Are Artificial Intelligence programmes really so clever?

Lee Se-dol lost three games in a row
When he played against slick Alpha-Go
Well he won number four
But the program won more,
'Cause mere humans are really too slow.

Draughts was the first of the classic board games to succumb to the power of computers, then Chess, and now Go. So congratulations to all the people who have worked on the design of the Alpha-Go software and the computer on which it runs.

But what does it really tell us about intelligence. It tells us that humans are persistent and given a very clear goal - however artificial and unimportant in any real sense - they will work hard to achieve that goal. It might be a personal challenge such as swimming the English channel, or winning a gold medal at the Olympic games - or a technological challenge, such as sending a man to the moon, or building an unbeatable game-playing machine. Many people have spent time thinking about how to write programs to play Chess and Go and world-wide many millions of man-hours must have been expended on refining the task, making improvements as a result of feedback, using ever more powerful computers. At last they have succeeded.

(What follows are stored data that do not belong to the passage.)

lemma inj_keys:
  "inj (key21 a b)" "inj (key231 a b c)" "inj (key312 a b c)" "inj (key213 a b c)" "inj key_swap23"
  unfolding key21_rotate key231_rotate key312_rotate
  by (auto intro: inj_rotate inj_on_inverseI key213_involution key_swap23_involution)

lemma tv_linear_perms:
  "tv_linear (perm21 a b)" "tv_linear (perm231 a b c)" "tv_linear (perm312 a b c)"
  "tv_linear (perm213 a b c)" "tv_linear P23"
  unfolding perm21_def perm231_def perm312_def perm213_def P23_def
  by (simp_all add: tv_linear_map_key inj_keys)

lemmas perms_add = tv_linear_add[OF tv_linear_perms(1)] tv_linear_add[OF tv_linear_perms(2)]
  tv_linear_add[OF tv_linear_perms(3)] tv_linear_add[OF tv_linear_perms(4)]
lemmas perms_smult = tv_linear_smult[OF tv_linear_perms(1)] tv_linear_smult[OF tv_linear_perms(2)]
  tv_linear_smult[OF tv_linear_perms(3)] tv_linear_smult[OF tv_linear_perms(4)]

lemma perm21_single:
  "length x = a \<Longrightarrow> length y = b \<Longrightarrow> perm21 a b (single (x @ y) c) = single (y @ x) c"
  unfolding perm21_def by (rule map_key_single_eq) (auto simp: inj_keys key21_def)

lemma perm231_single: "length x = a \<Longrightarrow> length y = b \<Longrightarrow> length z = c \<Longrightarrow>
   perm231 a b c (single (x @ y @ z) d) = single (z @ x @ y) d"
  unfolding perm231_def by (rule map_key_single_eq[OF inj_keys(2)]) (simp add: key231_rotate)

lemma perm312_single: "length x = a \<Longrightarrow> length y = b \<Longrightarrow> length z = c \<Longrightarrow>
   perm312 a b c (single (x @ y @ z) d) = single (y @ z @ x) d"
  unfolding perm312_def by (rule map_key_single_eq[OF inj_keys(3)]) (simp add: key312_rotate)

lemma perm213_single: "length x = a \<Longrightarrow> length y = b \<Longrightarrow> length z = c \<Longrightarrow>
   perm213 a b c (single (x @ y @ z) d) = single (y @ x @ z) d"
  unfolding perm213_def by (rule map_key_single_eq) (auto simp: inj_keys key213_def)

lemma P23_single: "P23 (single [a, b, c] d) = single [a, c, b] d"
  unfolding P23_def by (rule map_key_single_eq) (auto simp: inj_keys key_swap23_def)

lemma key21_1_1: "length w = 2 \<Longrightarrow> key21 1 1 w = [w!1, w!0]"
  by (subst (1 2) length2_cases) (simp_all add: key21_def)

lemma perm21_involution: "perm21 b a (perm21 a b p) = p"
  unfolding perm21_def by (simp add: map_key_compose inj_keys comp_def key21_involution map_key_id)

lemma perm213_0_0: "perm213 0 0 n p = p"
proof -
  have id: "key213 0 0 n = (\<lambda>w. w)" by (simp add: key213_def fun_eq_iff)
  show ?thesis unfolding perm213_def id by (rule map_key_id)
qed

lemma homog_zero [simp]: "homog n 0"
  by (simp add: homog_def)

lemma homog_add: "homog n p \<Longrightarrow> homog n q \<Longrightarrow> homog n (p + q)"
  using keys_add[of p q] unfolding homog_def by blast

lemma homog_neg: "homog n p \<Longrightarrow> homog n (- p)"
  unfolding homog_def by (auto simp: in_keys_iff)

lemma homog_smult: "homog n p \<Longrightarrow> homog n (smult c p)"
  unfolding homog_def by (auto simp: in_keys_iff)
lemma coherent_configuration_atoms: "coherent_configuration \<Omega> (atom R ` (\<Omega> \<times> \<Omega>))"
proof -
  let ?T = "atom R ` (\<Omega> \<times> \<Omega>)"
  have disjoint: "r \<inter> s = {}" if r: "r \<in> ?T" and s: "s \<in> ?T" and "r \<noteq> s" for r s
  proof (rule ccontr)
    obtain p q where p: "p \<in> \<Omega> \<times> \<Omega>" "r = atom R p" and q: "q \<in> \<Omega> \<times> \<Omega>" "s = atom R q"
      using r s by blast
    assume "r \<inter> s \<noteq> {}"
    then obtain w where "w \<in> atom R p" "w \<in> atom R q" using p q by blast
    then have "atom R p = atom R q" using atom_eq p(1) q(1) by metis
    with \<open>r \<noteq> s\<close> p q show False by simp
  qed
  have "Id_on \<Omega> = \<Union>(atom R ` Id_on \<Omega>)"
  proof
    show "Id_on \<Omega> \<subseteq> \<Union>(atom R ` Id_on \<Omega>)"
    proof
      fix p assume "p \<in> Id_on \<Omega>"
      with mem_atom[of p] show "p \<in> \<Union>(atom R ` Id_on \<Omega>)" by (auto simp: Id_on_def)
    qed
    show "\<Union>(atom R ` Id_on \<Omega>) \<subseteq> Id_on \<Omega>" using atom_subset[OF _ diagonal_mem] by blast
  qed
  moreover have "atom R ` Id_on \<Omega> \<subseteq> ?T" by (auto simp: Id_on_def)
  ultimately have diagonal: "\<exists>D\<subseteq>?T. Id_on \<Omega> = \<Union>D" by blast
  have converse: "converse r \<in> ?T" if "r \<in> ?T" for r
  proof -
    obtain x y where xy: "(x, y) \<in> \<Omega> \<times> \<Omega>" "r = atom R (x, y)" using \<open>r \<in> ?T\<close> by blast
    then have yx: "(y, x) \<in> \<Omega> \<times> \<Omega>" by blast
    have "atom R (y, x) \<subseteq> converse r"
      using atom_subset[of "(y, x)" "converse r"] converse_mem atom_mem mem_atom xy by simp
    moreover have "r \<subseteq> converse (atom R (y, x))"
      using atom_subset[of "(x, y)" "converse (atom R (y, x))"] converse_mem atom_mem mem_atom xy yx
      by simp
    ultimately have "converse r = atom R (y, x)" by blast
    then show ?thesis using yx by blast
  qed
  have intersection_numbers: "card {c. (a, c) \<in> r \<and> (c, b) \<in> s} = card {c. (a', c) \<in> r \<and> (c, b') \<in> s}"
    if "r \<in> ?T" "s \<in> ?T" "t \<in> ?T" "(a, b) \<in> t" "(a', b') \<in> t" for r s t a b a' b'
  proof -
    let ?k = "card {c. (a, c) \<in> r \<and> (c, b) \<in> s}"
    obtain p where p: "p \<in> \<Omega> \<times> \<Omega>" "t = atom R p" using \<open>t \<in> ?T\<close> by blast
    have "r \<in> R" "s \<in> R" using that atom_mem by auto
    moreover have "(a, b) \<in> count_comp \<Omega> r s ?k"
      using mem_subset[OF atom_mem[OF p(1)]] p(2) \<open>(a, b) \<in> t\<close> unfolding count_comp_def by blast
    moreover have "atom R (a, b) = t" using atom_eq[OF p(1)] p(2) \<open>(a, b) \<in> t\<close> by simp
    ultimately have "t \<subseteq> count_comp \<Omega> r s ?k"
      using atom_subset[of "(a, b)" "count_comp \<Omega> r s ?k"] count_comp_mem by simp
    then show ?thesis using \<open>(a', b') \<in> t\<close> unfolding count_comp_def by auto
  qed
  have "{} \<notin> ?T" "\<Union>?T = \<Omega> \<times> \<Omega>" using mem_atom mem_subset[OF atom_mem] by blast+
  with finite_carrier diagonal show ?thesis
    unfolding coherent_configuration_def
    by (intro conjI ballI allI impI disjoint converse intersection_numbers) assumption+
qed
lemma theta_1cell_eq_face_labels:
  assumes u: "u \<in> T" "dim_cell u = 1" "theta T tau u \<noteq> {}"
  shows "theta T tau u = {tau s | s. s \<in> Gamma T u \<and> 0 < tau s}"
proof
  show "theta T tau u \<subseteq> {tau s | s. s \<in> Gamma T u \<and> 0 < tau s}"
    using theta_memD by blast
  show "{tau s | s. s \<in> Gamma T u \<and> 0 < tau s} \<subseteq> theta T tau u"
  proof clarify
    fix s assume s: "s \<in> Gamma T u" "0 < tau s"
    then have "{x \<in> Gamma T u. tau x = tau s} = {s}"
      using inj_on_positive_faces[OF u] by (auto dest: inj_onD)
    then show "tau s \<in> theta T tau u" using s by (simp add: theta_def)
  qed
qed

end

section \<open>Steps 2 to 4 of the block-wise method\<close>

lemma equiv_closure_invariant:
  assumes "(x, y) \<in> equiv_closure R" and "\<And>a b. (a, b) \<in> R \<Longrightarrow> f a = f b"
  shows "f x = f y"
proof -
  have "(x, y) \<in> (R \<union> R\<inverse>)\<^sup>*" using assms(1) by (simp add: equiv_closure_def)
  then show ?thesis by (induction rule: rtrancl_induct) (use assms(2) in force)+
qed

lemma offset_add_num_classes_le:
  assumes "k < k'"
  shows "offset T lams Bs j k + num_classes T (lams k) (Bs ! k) j \<le> offset T lams Bs j k'"
proof -
  have "offset T lams Bs j k + num_classes T (lams k) (Bs ! k) j = offset T lams Bs j (Suc k)"
    by (simp add: offset_def)
  also have "\<dots> \<le> offset T lams Bs j k'" unfolding offset_def
    by (rule sum_mono2) (use assms in auto)
  finally show ?thesis .
qed

locale blockwise_run = reference_LABEL T \<sigma> tau for T \<sigma> tau +
  fixes Bs lams r
  assumes blocks: "\<forall>k<length Bs. odd_box (Bs!k) \<and> Bs!k \<subseteq> T \<and> is_LABEL T \<sigma> (Bs!k) (lams k)"
    and cover: "\<forall>t\<in>T. \<exists>k<length Bs. t \<in> Bs!k"
    and rep: "\<forall>j\<in>{1,2}. is_set_rep (equiv_closure (uf_rel T lams Bs j)) (r j)"
begin

lemma nested_block: "k < length Bs \<Longrightarrow> nested_LABEL T \<sigma> (Bs!k) T (lams k) tau"
  unfolding nested_LABEL_def using blocks L by auto

lemma block_pos_iff:
  assumes "k < length Bs" "t \<in> Bs!k" "dim_cell t \<in> {1,2}"
  shows "0 < lams k t \<longleftrightarrow> 0 < tau t"
proof -
  interpret nested_LABEL T \<sigma> "Bs!k" T "lams k" tau using nested_block[OF assms(1)] .
  show ?thesis using pos_1cell_iff[OF assms(2)] pos_2cell_iff[OF assms(2)] assms(3) by auto
qed

lemma block_eq_transfer:
  assumes "k < length Bs" "t \<in> Bs!k" "t' \<in> Bs!k" "dim_cell t = j" "dim_cell t' = j" "j \<in> {1,2}"
    and "0 < lams k t" "lams k t = lams k t'"
  shows "tau t = tau t'"
proof -
  interpret nested_LABEL T \<sigma> "Bs!k" T "lams k" tau using nested_block[OF assms(1)] .
  show ?thesis using eq_1cell_transfer[OF assms(2,3)] eq_2cell_transfer[OF assms(2,3)] assms(4-) by auto
qed

lemma lab2_bounds:
  assumes "k < length Bs" "t \<in> Bs!k" "dim_cell t = j" "j \<in> {1,2}" "0 < lams k t"
  shows "offset T lams Bs j k < lab2 T lams Bs k t"
    and "lab2 T lams Bs k t \<le> offset T lams Bs j k + num_classes T (lams k) (Bs ! k) j"
proof -
  have "lams k t \<le> num_classes T (lams k) (Bs ! k) j"
    using is_LABEL_le_num_classes[of T \<sigma> "Bs!k" "lams k" t j] blocks assms by auto
  then show "offset T lams Bs j k < lab2 T lams Bs k t"
    and "lab2 T lams Bs k t \<le> offset T lams Bs j k + num_classes T (lams k) (Bs ! k) j"
    using assms by (auto simp: lab2_def)
qed

lemma lab2_inj:
  assumes k: "k < length Bs" "t \<in> Bs!k" "dim_cell t = j" "0 < lams k t"
    and k': "k' < length Bs" "t' \<in> Bs!k'" "dim_cell t' = j" "0 < lams k' t'"
    and j: "j \<in> {1,2}" and eq: "lab2 T lams Bs k t = lab2 T lams Bs k' t'"
  shows "k = k'" and "lams k t = lams k' t'"
proof -
  note bounds = lab2_bounds[OF k(1-3) j k(4)] lab2_bounds[OF k'(1-3) j k'(4)]
  have "\<not> k < k'" using bounds offset_add_num_classes_le[of k k' T lams Bs j] eq by linarith
  moreover have "\<not> k' < k" using bounds offset_add_num_classes_le[of k' k T lams Bs j] eq by linarith
  ultimately show "k = k'" by simp
  then show "lams k t = lams k' t'" using eq k k' by (simp add: lab2_def)
qed

text \<open>A positive label after step 2 or 3 names a single reference class; \<open>decode j\<close> returns
  its reference label.\<close>

definition decode :: "nat \<Rightarrow> nat \<Rightarrow> nat" where
  "decode j x = (if x = 0 then 0 else
     tau (SOME t. \<exists>k<length Bs. t \<in> Bs!k \<and> dim_cell t = j \<and> 0 < lams k t \<and> lab2 T lams Bs k t = x))"

lemma decode_lab2:
  assumes "k < length Bs" "t \<in> Bs!k" "dim_cell t = j" "j \<in> {1,2}" "0 < lams k t"
  shows "decode j (lab2 T lams Bs k t) = tau t"
proof -
  let ?x = "lab2 T lams Bs k t"
  define t' where "t' = (SOME t. \<exists>k<length Bs. t \<in> Bs!k \<and> dim_cell t = j \<and> 0 < lams k t \<and>
    lab2 T lams Bs k t = ?x)"
  have "\<exists>k'<length Bs. t' \<in> Bs!k' \<and> dim_cell t' = j \<and> 0 < lams k' t' \<and> lab2 T lams Bs k' t' = ?x"
    unfolding t'_def by (rule someI[of _ t]) (use assms in blast)
  then obtain k' where k': "k' < length Bs" "t' \<in> Bs!k'" "dim_cell t' = j" "0 < lams k' t'"
    "lab2 T lams Bs k' t' = ?x" by blast
  have "k' = k" "lams k' t' = lams k t"
    using lab2_inj[OF k'(1-4) assms(1,2,3,5) assms(4) k'(5)] by simp_all
  then have "tau t' = tau t"
    using block_eq_transfer[OF assms(1) _ assms(2) k'(3) assms(3,4)] k'(2,4) by simp
  moreover have "0 < ?x" using assms(5) by (simp add: lab2_def)
  ultimately show ?thesis unfolding decode_def t'_def by simp
qed

lemma decode_uf_rel:
  assumes "j \<in> {1,2}" "(a, b) \<in> uf_rel T lams Bs j"
  shows "decode j a = decode j b"
  using assms decode_lab2 unfolding uf_rel_def by fastforce

abbreviation step3_label :: "cell \<Rightarrow> nat" where
  "step3_label \<equiv> lab3 T lams Bs r"

lemma decode_lab3:
  assumes t: "t \<in> T" "dim_cell t = j" "j \<in> {1,2}"
  shows "0 < step3_label t \<longleftrightarrow> 0 < tau t" and "decode j (step3_label t) = tau t"
proof -
  have "(0 < step3_label t \<longleftrightarrow> 0 < tau t) \<and> decode j (step3_label t) = tau t"
  proof (cases "\<exists>k<length Bs. t \<in> Bs ! k \<and> 0 < lams k t")
    case True
    let ?k = "SOME k. k < length Bs \<and> t \<in> Bs ! k \<and> 0 < lams k t"
    have k: "?k < length Bs" "t \<in> Bs ! ?k" "0 < lams ?k t" using someI_ex[OF True] by auto
    let ?x = "lab2 T lams Bs ?k t"
    have L3_t: "step3_label t = r j ?x" unfolding lab3_def using True t by simp
    have rel: "(?x, r j ?x) \<in> equiv_closure (uf_rel T lams Bs j)"
      using rep t(3) unfolding is_set_rep_def by blast
    have "0 < ?x" using k(3) by (simp add: lab2_def)
    moreover have "(0 < a) = (0 < b)" if "(a, b) \<in> uf_rel T lams Bs j" for a b
      using that unfolding uf_rel_def lab2_def by auto
    ultimately have "0 < step3_label t" using equiv_closure_invariant[OF rel, of "\<lambda>x. 0 < x"] L3_t by simp
    moreover have "decode j ?x = decode j (r j ?x)"
      by (rule equiv_closure_invariant[OF rel]) (rule decode_uf_rel[OF t(3)])
    then have "decode j (step3_label t) = tau t" using decode_lab2[OF k(1,2) t(2,3) k(3)] L3_t by simp
    moreover have "0 < tau t" using block_pos_iff[OF k(1,2)] k(3) t by simp
    ultimately show ?thesis by simp
  next
    case False
    then have "step3_label t = 0" unfolding lab3_def by (rule if_not_P)
    moreover obtain k where k: "k < length Bs" "t \<in> Bs ! k" using cover t(1) by blast
    moreover have "tau t = 0" using block_pos_iff[OF k] False k t by auto
    ultimately show ?thesis by (simp add: decode_def)
  qed
  then show "0 < step3_label t \<longleftrightarrow> 0 < tau t" and "decode j (step3_label t) = tau t" by simp_all
qed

But surely the whole point about human intelligence is that we are flexible and can operate with incomplete and uncertain information, while the machines we are building are very specialised. Most of the modern AI systems make use of some form of big data - vast amounts of well formatted information processed with sophisticated statistical tools. Alpha-Go was not only supplied with information on large numbers of human against human games of Go - and also played millions of games against itself. Of course Alpha-Go did loose one game - but the reason has been noted by the clever human programmers - and this weakness is being addressed.

Do the computer programs inside Alpha-Go tell us anything about human intelligence and which humans are "clever"? Probably not. Let us assume that we wanted to learn about how humans walk and rather than concentrate on everyday activities we decided that we would start building a machine tot get to the top of Mount Everest in less time than it takes a human being skilled in mountain climbing. In choosing this task we deliberately ignore the 99% of humanity who could never climb to the top - but researchers want to start by choosing something they feel is spectacular. But of course a machine which tool the form of a helicopter - or had hands with fingers which could drill holes in the solid rock to ensure a firm grip - or which was not affected by the rarefied atmosphere, tell us absolutely nothing about the human ability to climb mountains.

My contention is that Alpha-Go uses powerful mathematical tools, and significant computing power, in a way which means that the word ARTIFICIAL in Artificial Intelligence needs to be highlighted because it has little to do human intelligence.

My approach, based on my research with CODIL is say that any model most be meaningful in evolutionary terms, working upwards from very simple pattern marching systems. It must be able to switch between a wide variety of open-ended and poorly defined mathematically unsophisticated tasks. It must also be fit in with the known limitations of the human brain - such as:
  1. The limit of about six concepts at any one time in the conscious short term memory.
  2. The ability of "automate" frequent learned patterns so that they can be processed unconsciously.
  3. Logical flaws which lead to problems such as confirmation bias.
  4. An unreliable long term memory which has gaps - which it creatively fills when trying to remember what happened.
  5. The brain processes patterns and not predefined rules operation on well-formatted sates (i.e. it is not a stored program computer).
The point I want to make is that there are many very complex applications that computers can do - which are impractical if carried out by the unaided human mind, because humans would be too slow, or too inaccurate, or could not handle the volume of data. For historical reasons some of the least practical applications are called "artificial intelligence" while many others, which help keep modern society running, are not. We should be very careful not to confuse attempts to model how humans process information with much of the work which goes under the name of "artificial intelligence."